The Center for Public Integrity interviewed Yellen and reviewed her career through two stints on the Federal Reserve Board and as president of the San Francisco Fed Bank including speeches, meeting transcripts, government testimony and reviews of bank failures.
The picture that emerges is of an overseer who tried to point out dangers in the banking system before the situation came to a crisis in 2008, but who didn't act forcefully against banks that she saw taking excessive risk because she didn't believe she had adequate authority.
After working through the depths of the crisis and having a hand in closing more than a dozen failed banks including Washington Mutual, the largest bank failure in U.S. history Yellen now appears determined to ensure that banks fortify themselves against financial shocks and that regulators have the power to police the system.
Bernanke's term ends at the end of this year and President Barack Obama has suggested that he may replace him.
If selected for the position, Yellen is unlikely to push for revolutionary change, such as breaking up the biggest banks.

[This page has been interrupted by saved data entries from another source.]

(* Every $r$-graph whose underlying simple graph is the Wagner graph $V_8$ is of class $1$, i.e., its edge-chromatic number equals $r$.
   Context: Graphs may have parallel edges but no loops. An $r$-graph is an $r$-regular graph $G$ such that for every $X\subseteq V(G)$ of odd cardinality, at least $r$ edges have exactly one end in $X$. A graph is class $1$ if its edge-chromatic number (minimum number of colors in a proper edge-coloring) equals its maximum degree. The Wagner graph $V_8$ is the cubic graph obtained from a cycle $v_0v_1\cdots v_7v_0$ by adding the edges $v_iv_{i+4}$ for $i=0,1,2,3$. *)

theory Defs
  imports Main
begin

text \<open>A multigraph (parallel edges allowed, no loops) is given by a finite vertex set V,
  a finite edge set E and an incidence map ends assigning to each edge its two distinct ends.\<close>

definition multigraph :: "'v set \<Rightarrow> 'e set \<Rightarrow> ('e \<Rightarrow> 'v set) \<Rightarrow> bool" where
  "multigraph V E ends \<longleftrightarrow> finite V \<and> finite E \<and>
     (\<forall>e\<in>E. ends e \<subseteq> V \<and> card (ends e) = 2)"

definition degree :: "'e set \<Rightarrow> ('e \<Rightarrow> 'v set) \<Rightarrow> 'v \<Rightarrow> nat" where
  "degree E ends v = card {e\<in>E. v \<in> ends e}"
lemma card_dist_increase_set_ge:
  assumes "finite V" and edge: "{v, x} \<in> E" "v \<in> V" "x \<in> V"
    and near: "graph_dist V E v y \<le> enat \<beta>"
    and far: "\<not> graph_dist V (E - {{v, x}}) v y \<le> enat \<beta>"
    and reachable: "graph_dist V (E - {{v, x}}) v x < \<infinity>"
  shows "\<beta> \<le> 3 * card (dist_increase_set V E v x)"
proof -
  let ?E' = "E - {{v, x}}"
  obtain k where k: "graph_dist V E v y = enat k" "k \<le> \<beta>"
    using near by (cases "graph_dist V E v y") auto
  have nk: "\<not> graph_dist V ?E' v y \<le> enat k"
    using far k(2) by (meson enat_ord_simps(1) order_trans)
  obtain j where j: "k = Suc j" "graph_dist V ?E' x y \<le> enat j"
    using graph_dist_Diff_edge_from_neighbour[OF k(1) nk] by metis
  obtain L where L: "graph_dist V ?E' v x = enat L"
    using reachable by (cases "graph_dist V ?E' v x") auto
  have "graph_dist V ?E' v y \<le> enat (L + j)"
    using L j(2) by (intro graph_dist_add_le) simp_all
  then have "\<not> L + j \<le> \<beta>"
    using far by (meson enat_ord_simps(1) order_trans)
  moreover have "k \<le> card (dist_increase_set V E v x)"
    using card_dist_increase_set_ge_dist[OF assms(1) k(1) nk] .
  moreover have "L div 2 \<le> card (dist_increase_set V E v x)"
    using card_dist_increase_set_ge_detour[OF assms(1) edge L] .
  ultimately show ?thesis using j(1) by linarith
qed

lemma components_eq_image: "components V E = (\<lambda>u. {z \<in> V. graph_dist V E u z < \<infinity>}) ` V"
  unfolding components_def by auto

However, many expect her to be a tougher regulator than the current Fed chairman, Ben Bernanke, and she appears more willing to take strong action to stop banking giants from putting taxpayers at risk. But even so, the power of the Fed has its limits.
"They can't stop all future crises, but it's up to the Fed to make these crises more or less severe," said Simon Johnson, a professor at the Massachusetts Institute of Technology and author of 13 Bankers: The Wall Street Takeover and the Next Financial Meltdown.
Yellen wants to require big banks to hold more capital, to boost the margin requirements on derivatives trades and to require foreign banks that do business in the U.S. to hold capital in the U.S.
"We would expect her to toughen rules for the biggest banks," said Jaret Seiberg, analyst at Guggenheim Strategies in New York, in a client report. "We believe her elevation to chairman would be negative for the mega banks."